** Data in this exercise follows **

lemma graph_rho_less_subeigenvalue:
  fixes w :: "nat \<Rightarrow> real"
  assumes "0 < n" "\<forall>i<n. 0 < w i" "\<forall>i<n. nbr_sum n E w i \<le> \<mu> * w i"
    and "nbr_sum n E w i0 < \<mu> * w i0" "\<forall>S. nbr_closed n E S \<and> S \<noteq> {} \<longrightarrow> i0 \<in> S"
  shows "graph_rho n E < \<mu>"
proof -
  obtain l :: complex and v where "graph_rho n E = norm l" and v: "\<exists>i<n. v i \<noteq> 0" "\<forall>i<n. nbr_sum n E v i = l * v i"
    using graph_rho_attained[OF assms(1)] .
  with eigenvalue_norm_less_subeigenvalue[OF v assms(2-5)] show ?thesis
    by simp
qed

lemma abs_eigenvalue_le_graph_rho:
  fixes w :: "nat \<Rightarrow> real"
  assumes "0 < n" "\<exists>i<n. w i \<noteq> 0" "\<forall>i<n. nbr_sum n E w i = \<mu> * w i"
  shows "\<bar>\<mu>\<bar> \<le> graph_rho n E"
proof -
  have "nbr_sum n E (\<lambda>j. complex_of_real (w j)) i = complex_of_real \<mu> * complex_of_real (w i)"
    if "i < n" for i
    using assms(3) that by (simp add: nbr_sum_def flip: of_real_sum)
  then have "complex_of_real \<mu> \<in> spectrum (adj_matrix n E)"
    unfolding mem_spectrum_adj_matrix_iff using assms(2)
    by (intro exI[of _ "\<lambda>j. complex_of_real (w j)"]) auto
  moreover have "adj_matrix n E \<in> carrier_mat n n"
    by (simp add: adj_matrix_def)
  ultimately have "norm (complex_of_real \<mu>) \<le> spectral_radius (adj_matrix n E)"
    using assms(1) by (intro spectral_radius_mem_max(2) imageI)
  then show ?thesis
    by (simp add: graph_rho_def)
qed

lemma graph_rho_eq_positive_eigenvalue:
  fixes w :: "nat \<Rightarrow> real"
  assumes "0 < n" "\<forall>i<n. 0 < w i" "\<forall>i<n. nbr_sum n E w i = \<mu> * w i"
  shows "graph_rho n E = \<mu>"
proof -
  have "\<exists>i<n. w i \<noteq> 0"
    using assms(1,2) by fastforce
  then have "\<bar>\<mu>\<bar> \<le> graph_rho n E"
    using abs_eigenvalue_le_graph_rho[OF assms(1) _ assms(3)] by blast
  moreover have "graph_rho n E \<le> \<mu>"
    using graph_rho_le_subeigenvalue[OF assms(1,2)] assms(3) by simp
  ultimately show ?thesis by linarith
qed

lemma sum_constant_on:
  assumes "\<And>j. j \<in> A \<Longrightarrow> f j = c"
  shows "sum f A = of_nat (card A) * c"
  using assms by simp

lemma fan_edge_nbrs:
  assumes "1 \<le> i" "i \<le> 3*r"
  defines "k \<equiv> (i - 1) div 3"
  shows "{j. fan_edge r i j} = insert 0 ({3*k+1..3*k+3} - {i})"
    and "i \<in> {3*k+1..3*k+3}" "3*k+3 \<le> 3*r"
proof -
  have block: "1 \<le> j \<and> (j - 1) div 3 = k \<longleftrightarrow> j \<in> {3*k+1..3*k+3}" for j k :: nat
    by auto
  show i: "i \<in> {3*k+1..3*k+3}"
    using block[of i k] assms(1) by (simp add: k_def)
  then show "3*k+3 \<le> 3*r"
    using assms(2) by simp presburger
  have nbr: "fan_edge r i j \<longleftrightarrow> j \<in> insert 0 ({3*k+1..3*k+3} - {i})" for j
  proof -
    have "fan_edge r i j \<longleftrightarrow> j = 0 \<or> (j \<noteq> i \<and> j \<le> 3*r \<and> (1 \<le> j \<and> (j - 1) div 3 = k))"
      using assms(1,2) unfolding fan_edge_def k_def[symmetric] by auto
    also have "\<dots> \<longleftrightarrow> j = 0 \<or> (j \<noteq> i \<and> j \<le> 3*r \<and> j \<in> {3*k+1..3*k+3})"
      by (simp only: block)
    also have "\<dots> \<longleftrightarrow> j \<in> insert 0 ({3*k+1..3*k+3} - {i})"
      using \<open>3*k+3 \<le> 3*r\<close> by auto
    finally show ?thesis .
  qed
  show "{j. fan_edge r i j} = insert 0 ({3*k+1..3*k+3} - {i})"
    using nbr by (simp add: set_eq_iff)
qed

definition class_weight :: "nat \<Rightarrow> nat \<Rightarrow> real \<Rightarrow> real \<Rightarrow> real \<Rightarrow> real \<Rightarrow> nat \<Rightarrow> real" where
  "class_weight s r a b c d j =
     (if j = 0 then a else if j \<le> 3*r then b else if j \<le> 3*r + s then c else d)"

lemma sum_class_weight_fan:
  assumes "1 \<le> i" "i \<le> 3*r"
  shows "sum (class_weight s r a b c d) {j. fan_edge r i j} = a + 2 * b"
proof -
  define k where "k = (i - 1) div 3"
  note nbrs = fan_edge_nbrs[OF assms, folded k_def]
  have "sum (class_weight s r a b c d) ({3*k+1..3*k+3} - {i}) = (\<Sum>j\<in>{3*k+1..3*k+3} - {i}. b)"
    using nbrs(3) by (intro sum.cong) (auto simp: class_weight_def)
  moreover have "card ({3*k+1..3*k+3} - {i}) = 2"
    using nbrs(2) by simp
  ultimately show ?thesis
    unfolding nbrs(1) by (simp add: class_weight_def)
qed

lemma H_edge_nbrs:
  assumes "3*r + 3 \<le> n" "i < n"
  shows "{j. j < n \<and> H_edge n r i j} =
    (if i = 0 then {1..3*r} \<union> {3*r+3..<n}
     else if i \<le> 3*r then {j. fan_edge r i j}
     else if i \<le> 3*r + 2 then {3*r+3..<n}
     else {0, 3*r+1, 3*r+2})"
proof -
  consider "i = 0" | "1 \<le> i" "i \<le> 3*r" | "3*r < i" "i \<le> 3*r + 2" | "3*r + 2 < i"
    by linarith
  then show ?thesis
    by cases (use assms in \<open>auto simp: H_edge_def fan_edge_def bip_edge_def\<close>)
qed

lemma H'_edge_nbrs:
  assumes "3*r + 4 \<le> n" "i < n"
  shows "{j. j < n \<and> H'_edge n r i j} =
    (if i = 0 then {1..3*r} \<union> {3*r+1..3*r+3}
     else if i \<le> 3*r then {j. fan_edge r i j}
     else if i \<le> 3*r + 3 then insert 0 {3*r+4..<n}
     else {3*r+1..3*r+3})"
proof -
  consider "i = 0" | "1 \<le> i" "i \<le> 3*r" | "3*r < i" "i \<le> 3*r + 3" | "3*r + 3 < i"
    by linarith
  then show ?thesis
    by cases (use assms in \<open>auto simp: H'_edge_def fan_edge_def bip_edge_def\<close>)
qed
(* Let $\mathbb{F}$ be any field and $d\ge 1$. Suppose $T,A\in GL(d,\mathbb{F})$ commute, and that $T$ is conjugate in $GL(d,\mathbb{F})$ to $TA$ and also to $TA^2$. Then every eigenvalue of $A$ (in an algebraic closure of $\mathbb{F}$) is a root of unity. *)

theory Defs
  imports "Jordan_Normal_Form.Jordan_Normal_Form" "HOL-Algebra.Algebraic_Closure_Type"
begin
end

theory Submission
  imports Defs "Jordan_Normal_Form.Schur_Decomposition" "Jordan_Normal_Form.DL_Rank"
begin

text \<open>Over the algebraic closure the commuting matrices \<open>T\<close> and \<open>A\<close> can be triangularized
  simultaneously, which pairs their eigenvalues as \<open>(a\<^sub>i, b\<^sub>i)\<close> so that \<open>T A\<^sup>k\<close> has the
  eigenvalues \<open>a\<^sub>i b\<^sub>i\<^sup>k\<close>. Similarity of \<open>T\<close> to \<open>T A\<close> and to \<open>T A\<^sup>2\<close> then says that
  multiplying by \<open>b\<^sub>i\<close>, and by \<open>b\<^sub>i\<^sup>2\<close>, permutes the multiset of the \<open>a\<^sub>i\<close>. For every additive
  character \<open>u\<close> of the group generated by the \<open>a\<^sub>i, b\<^sub>i\<close> the three sums
  \<open>\<Sum> u(a\<^sub>i)\<^sup>2\<close>, \<open>\<Sum> (u(a\<^sub>i) + u(b\<^sub>i))\<^sup>2\<close> and \<open>\<Sum> (u(a\<^sub>i) + 2 u(b\<^sub>i))\<^sup>2\<close> therefore agree,
  which forces \<open>\<Sum> u(b\<^sub>i)\<^sup>2 = 0\<close>. A \<open>b\<^sub>i\<close> that is not a root of unity would be detected by
  such a character, obtained from an integral functional vanishing on the exponent vectors of
  the relations \<open>a\<^sub>p\<^sub>(\<^sub>i\<^sub>) = a\<^sub>i b\<^sub>i\<close> and \<open>a\<^sub>q\<^sub>(\<^sub>i\<^sub>) = a\<^sub>i b\<^sub>i\<^sup>2\<close>.\<close>

definition first_col_zero_below :: "'a::zero mat \<Rightarrow> bool" where
  "first_col_zero_below A \<longleftrightarrow> (\<forall>i. 0 < i \<and> i < dim_row A \<longrightarrow> A $$ (i, 0) = 0)"

lemma mat_delete_00_index:
  assumes "A \<in> carrier_mat (Suc m) (Suc n)" "i < m" "j < n"
  shows "mat_delete A 0 0 $$ (i, j) = A $$ (Suc i, Suc j)"
  using assms by (simp add: mat_delete_def)

lemma mat_delete_00_carrier:
  "A \<in> carrier_mat (Suc m) (Suc n) \<Longrightarrow> mat_delete A 0 0 \<in> carrier_mat m n"
  using mat_delete_carrier[of A "Suc m" "Suc n" 0 0] by simp

lemma sum_lessThan_Suc_split_first:
  "(\<Sum>l\<in>{0..<Suc m}. f l) = f 0 + (\<Sum>l<m. f (Suc l))"
  by (subst sum.atLeast0_lessThan_Suc_shift) (simp add: atLeast0LessThan)

lemma mult_mat_index_split_first:
  fixes A B :: "'a::semiring_0 mat"
  assumes "A \<in> carrier_mat k (Suc m)" "B \<in> carrier_mat (Suc m) l" "i < k" "j < l"
  shows "(A * B) $$ (i, j) = A $$ (i, 0) * B $$ (0, j) + (\<Sum>t<m. A $$ (i, Suc t) * B $$ (Suc t, j))"
  using assms by (simp add: scalar_prod_def sum_lessThan_Suc_split_first del: sum.op_ivl_Suc)

lemma mult_mat_vec_index_split_first:
  fixes A :: "'a::semiring_0 mat"
  assumes "A \<in> carrier_mat k (Suc m)" "y \<in> carrier_vec (Suc m)" "i < k"
  shows "(A *\<^sub>v y) $ i = A $$ (i, 0) * y $ 0 + (\<Sum>t<m. A $$ (i, Suc t) * y $ Suc t)"
  using assms by (simp add: scalar_prod_def sum_lessThan_Suc_split_first del: sum.op_ivl_Suc)

lemma first_col_zero_below_mult:
  fixes A B :: "'a::semiring_0 mat"
  assumes A: "A \<in> carrier_mat (Suc m) (Suc m)" and B: "B \<in> carrier_mat (Suc m) (Suc m)"
    and zA: "first_col_zero_below A" and zB: "first_col_zero_below B"
  shows "first_col_zero_below (A * B)"
    and "(A * B) $$ (0, 0) = A $$ (0, 0) * B $$ (0, 0)"
    and "mat_delete (A * B) 0 0 = mat_delete A 0 0 * mat_delete B 0 0"
proof -
  have a: "A $$ (i, 0) = 0" and b: "B $$ (i, 0) = 0" if "0 < i" "i < Suc m" for i
    using zA zB A B that unfolding first_col_zero_below_def by auto
  show "first_col_zero_below (A * B)"
    unfolding first_col_zero_below_def
  proof (intro allI impI)
    fix i assume "0 < i \<and> i < dim_row (A * B)"
    then show "(A * B) $$ (i, 0) = 0"
      using A by (simp add: mult_mat_index_split_first[OF A B] a b)
  qed
  show "(A * B) $$ (0, 0) = A $$ (0, 0) * B $$ (0, 0)"
    by (simp add: mult_mat_index_split_first[OF A B] b)
  show "mat_delete (A * B) 0 0 = mat_delete A 0 0 * mat_delete B 0 0"
  proof (rule eq_matI)
    fix i j assume "i < dim_row (mat_delete A 0 0 * mat_delete B 0 0)"
      "j < dim_col (mat_delete A 0 0 * mat_delete B 0 0)"
    then have ij: "i < m" "j < m" using A B by auto
    have "mat_delete (A * B) 0 0 $$ (i, j) = (A * B) $$ (Suc i, Suc j)"
      using A B ij by (simp add: mat_delete_00_index[of _ m m])
    also have "\<dots> = (\<Sum>t<m. A $$ (Suc i, Suc t) * B $$ (Suc t, Suc j))"
      by (subst mult_mat_index_split_first[OF A B]) (use ij a in auto)
    also have "\<dots> = (mat_delete A 0 0 * mat_delete B 0 0) $$ (i, j)"
      using A B ij mat_delete_00_carrier[OF A] mat_delete_00_carrier[OF B]
      by (simp add: scalar_prod_def mat_delete_00_index[of _ m m] atLeast0LessThan)
    finally show "mat_delete (A * B) 0 0 $$ (i, j) = (mat_delete A 0 0 * mat_delete B 0 0) $$ (i, j)" .
  qed (use A B in auto)
qed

** End of Data in this exercise **

• **Task requirements**
From the entries, copy out each line containing the word "dots".

• **Answer area**
    also have "\<dots> \<longleftrightarrow> j = 0 \<or> (j \<noteq> i \<and> j \<le> 3*r \<and> j \<in> {3*k+1..3*k+3})"
    also have "\<dots> \<longleftrightarrow> j \<in> insert 0 ({3*k+1..3*k+3} - {i})"
    also have "\<dots> = (\<Sum>t<m. A $$ (Suc i, Suc t) * B $$ (Suc t, Suc j))"
    also have "\<dots> = (mat_delete A 0 0 * mat_delete B 0 0) $$ (i, j)"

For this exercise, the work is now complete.